If a party who has appealed a judgment or order of a district court fails to appear in circuit court either at the time for setting the appeal for trial or on the trial date, the circuit court may, upon the motion of any party, enter an order treating the appeal as withdrawn and disposing of the case in accordance with this section. If no party appears for trial, the court may deem the appeal to be withdrawn without a motion and enter an order disposing of the case in accordance with this section.

Mother’s counsel did not offer any arguments or objections to the Department’s motion. The

circuit court found that “there has been contact from the mom in this case. That would suggest

that either she failed to remember, or did not remember this matter this morning, or chose not to

be here.” The circuit court granted the Department’s motion, dismissed the appeals, and

remanded the matter to the JDR court. The circuit court entered an order reflecting its ruling.

-3- Mother’s counsel endorsed the order as “Seen and Objected to” without further explanation.

Mother did not file any post-trial motions, although she did file a pro se notice of appeal.3

ANALYSIS

Mother argues that the circuit court erred when it dismissed her appeals. She admits that

she did not preserve this argument for appeal but asks the Court to apply the ends of justice

exception.

“No ruling of the trial court . . . will be considered as a basis for reversal unless an

objection was stated with reasonable certainty at the time of the ruling, except for good cause

shown or to enable the Court of Appeals to attain the ends of justice.” Rule 5A:18. “The Court

of Appeals will not consider an argument on appeal which was not presented to the trial court.”

Tackett v. Arlington Cty. Dep’t of Human Servs., 62 Va. App. 296, 315 (2013) (quoting Ohree v.

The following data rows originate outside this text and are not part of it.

lemma exists_other_in_row:
  assumes "finite T" "2 \<le> row_count T a"
  obtains d where "(a, d) \<in> T" "d \<noteq> b"
proof -
  have "\<not> {z \<in> T. fst z = a} \<subseteq> {(a, b)}"
  proof
    assume "{z \<in> T. fst z = a} \<subseteq> {(a, b)}"
    then have "row_count T a \<le> 1"
      unfolding row_count_def using card_mono[of "{(a, b)}"] by fastforce
    then show False
      using assms(2) by simp
  qed
  then obtain z where "z \<in> T" "fst z = a" "z \<noteq> (a, b)"
    by blast
  then show ?thesis
    using that by (metis prod.collapse)
qed

lemma card_weak_resolving_KxK_ge:
  assumes "2 \<le> t" "3 \<le> n" "weak_k_resolving (KxK_V n) KxK_E (2 * n - 2 * t) S"
  shows "n * (n - t) \<le> card S"
proof (rule ccontr)
  assume "\<not> ?thesis"
  then have small: "card S < n * (n - t)" by simp
  then have "t < n"
    by (cases "t < n") auto
  define T where "T = KxK_V n - S"
  have S: "S \<subseteq> KxK_V n"
    using assms(3) by (simp add: weak_k_resolving_def)
  obtain b where b: "b \<in> {1..n}" "t < col_count T b"
    using complement_col_count_gt[OF S small] by (auto simp: T_def)
  then obtain a where ab: "(a, b) \<in> T"
    using col_count_pos_iff[of T b] finite_subset_KxK_V[of T n] by (auto simp: T_def)
  then have a: "a \<in> {1..n}"
    by (auto simp: T_def KxK_V_def)
  have "finite T"
    by (simp add: T_def)
  moreover have "2 \<le> row_count T a"
    using complement_row_count_ge[OF assms(2,3) small a] assms(1) by (simp add: T_def)
  ultimately obtain d where ad: "(a, d) \<in> T" "d \<noteq> b"
    by (rule exists_other_in_row)
  then have d: "d \<in> {1..n}"
    by (auto simp: T_def KxK_V_def)
  show False
    using complement_same_row_bound[OF assms(2,3) a b(1) d ad(2)[symmetric]] \<open>t < n\<close>
      complement_col_count_ge[OF assms(2,3) small d] b(2) ab ad(1)
    by (simp add: T_def)
qed

definition cyclic_band :: "nat \<Rightarrow> nat \<Rightarrow> (nat \<times> nat) set" where
  "cyclic_band n m = {(i, j) \<in> KxK_V n. (i + j) mod n < m}"

lemma col_count_cyclic_band:
  assumes "m \<le> n" "j \<in> {1..n}"
  shows "col_count (cyclic_band n m) j = m"
proof -
  have "{z \<in> cyclic_band n m. snd z = j} = (\<lambda>i. (i, j)) ` {i \<in> {1..n}. (i + j) mod n < m}"
    using assms(2) by (auto simp: cyclic_band_def KxK_V_def)
  then have "col_count (cyclic_band n m) j = card {i \<in> {1..n}. (i + j) mod n < m}"
    by (simp add: col_count_def card_image inj_on_def)
  also have "\<dots> = card {y \<in> {..<n}. y < m}"
  proof (rule bij_betw_same_card)
    show "bij_betw (\<lambda>i. (i + j) mod n) {i \<in> {1..n}. (i + j) mod n < m} {y \<in> {..<n}. y < m}"
      by (rule bij_betw_Collect[OF bij_betw_add_mod]) simp
  qed
  also have "{y \<in> {..<n}. y < m} = {..<m}"
    using assms(1) by auto
  finally show ?thesis
    by simp
qed

lemma cyclic_band_subset: "cyclic_band n m \<subseteq> KxK_V n"
  by (auto simp: cyclic_band_def)

lemma swap_cyclic_band: "prod.swap ` cyclic_band n m = cyclic_band n m"
  by (auto simp: cyclic_band_def KxK_V_def image_iff add.commute)

lemma row_count_cyclic_band:
  assumes "m \<le> n" "i \<in> {1..n}"
  shows "row_count (cyclic_band n m) i = m"
  using col_count_cyclic_band[OF assms] by (metis col_count_swap swap_cyclic_band)

lemma card_cyclic_band:
  assumes "m \<le> n"
  shows "card (cyclic_band n m) = n * m"
proof -
  have "card (cyclic_band n m) = (\<Sum>j\<in>{1..n}. col_count (cyclic_band n m) j)"
    using sum_col_count[OF cyclic_band_subset] by simp
  also have "\<dots> = (\<Sum>j\<in>{1..n}. m)"
    using assms by (intro sum.cong refl col_count_cyclic_band)
  finally show ?thesis by simp
qed

lemma weak_k_resolving_KxK_of_regular:
  assumes "3 \<le> n" "3 \<le> m" "S \<subseteq> KxK_V n"
    and rows: "\<And>i. i \<in> {1..n} \<Longrightarrow> row_count S i = m"
    and cols: "\<And>j. j \<in> {1..n} \<Longrightarrow> col_count S j = m"
  shows "weak_k_resolving (KxK_V n) KxK_E (2 * m) S"
  unfolding weak_k_resolving_def
proof (intro conjI ballI impI)
  show "S \<subseteq> KxK_V n" by fact
  fix x y assume x: "x \<in> KxK_V n" and y: "y \<in> KxK_V n" and "x \<noteq> y"
  obtain a b c d where xy: "x = (a, b)" "y = (c, d)"
    by (cases x, cases y)
  have a: "a \<in> {1..n}" and b: "b \<in> {1..n}" and c: "c \<in> {1..n}" and d: "d \<in> {1..n}"
    using x y by (auto simp: KxK_V_def xy)
  consider "a = c" "b \<noteq> d" | "a \<noteq> c" "b = d" | "a \<noteq> c" "b \<noteq> d"
    using \<open>x \<noteq> y\<close> xy by blast
  then show "2 * m \<le> DeltaS (KxK_V n) KxK_E S x y"
  proof cases
    case 1
    then show ?thesis
      using DeltaS_KxK_same_row[OF assms(1) _ _ assms(3)] x y cols[OF b] cols[OF d] by (simp add: xy)
  next
    case 2
    then show ?thesis
      using DeltaS_KxK_same_col[OF assms(1) _ _ assms(3)] x y rows[OF a] rows[OF c] by (simp add: xy)
  next
    case 3
    have "4 * int m - 6 \<le> int (DeltaS (KxK_V n) KxK_E S x y)"
      using DeltaS_KxK_adjacent[OF assms(1) _ _ assms(3) 3] x y rows[OF a] rows[OF c] cols[OF b] cols[OF d]
      by (simp add: xy of_bool_def)
    then show ?thesis
      using \<open>3 \<le> m\<close> by linarith
  qed
qed

theorem mainTheorem9:
  fixes n t :: nat
  assumes "n \<ge> 4" and "2 \<le> t" and "t + 3 \<le> n"
  shows "wdim (2*n - 2*t) (KxK_V n) KxK_E = n^2 - t*n"
proof -
  have "weak_k_resolving (KxK_V n) KxK_E (2 * (n - t)) (cyclic_band n (n - t))"
    using assms
    by (intro weak_k_resolving_KxK_of_regular cyclic_band_subset row_count_cyclic_band col_count_cyclic_band) auto
  moreover have "2 * (n - t) = 2 * n - 2 * t" and "n^2 - t * n = n * (n - t)"
    by (simp_all add: power2_eq_square diff_mult_distrib2 mult.commute)
  ultimately show ?thesis
    using card_cyclic_band[of "n - t" n] card_weak_resolving_KxK_ge[OF assms(2)] assms(3)
    by (intro wdim_eqI) auto
qed

end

Commonwealth, 26 Va. App. 299, 308 (1998)). “[E]ven due process claims will not be

considered for the first time on appeal.” Id. at 324 (quoting Stokes v. Commonwealth, 61

Va. App. 388, 396 (2013)). “One of the tenets of Virginia’s jurisprudence is that trial counsel

must timely object with sufficient specificity to an alleged error at trial to preserve that error for

appellate review.” Perry v. Commonwealth, 58 Va. App. 655, 666 (2011). “The purpose of

Rule 5A:18 is ‘to ensure that the trial court and opposing party are given the opportunity to

intelligently address, examine, and resolve issues in the trial court, thus avoiding unnecessary

appeals.’” Friedman v. Smith, 68 Va. App. 529, 544 (2018) (quoting Andrews v.

Commonwealth, 37 Va. App. 479, 493 (2002)).

“The ‘ends of justice’ exception to Rule 5A:18 is ‘narrow and is to be used sparingly.’”

Pearce v. Commonwealth, 53 Va. App. 113, 123 (2008) (quoting Bazemore v. Commonwealth,

3 The circuit court subsequently appointed new counsel to represent mother on her appeal. -4- 42 Va. App.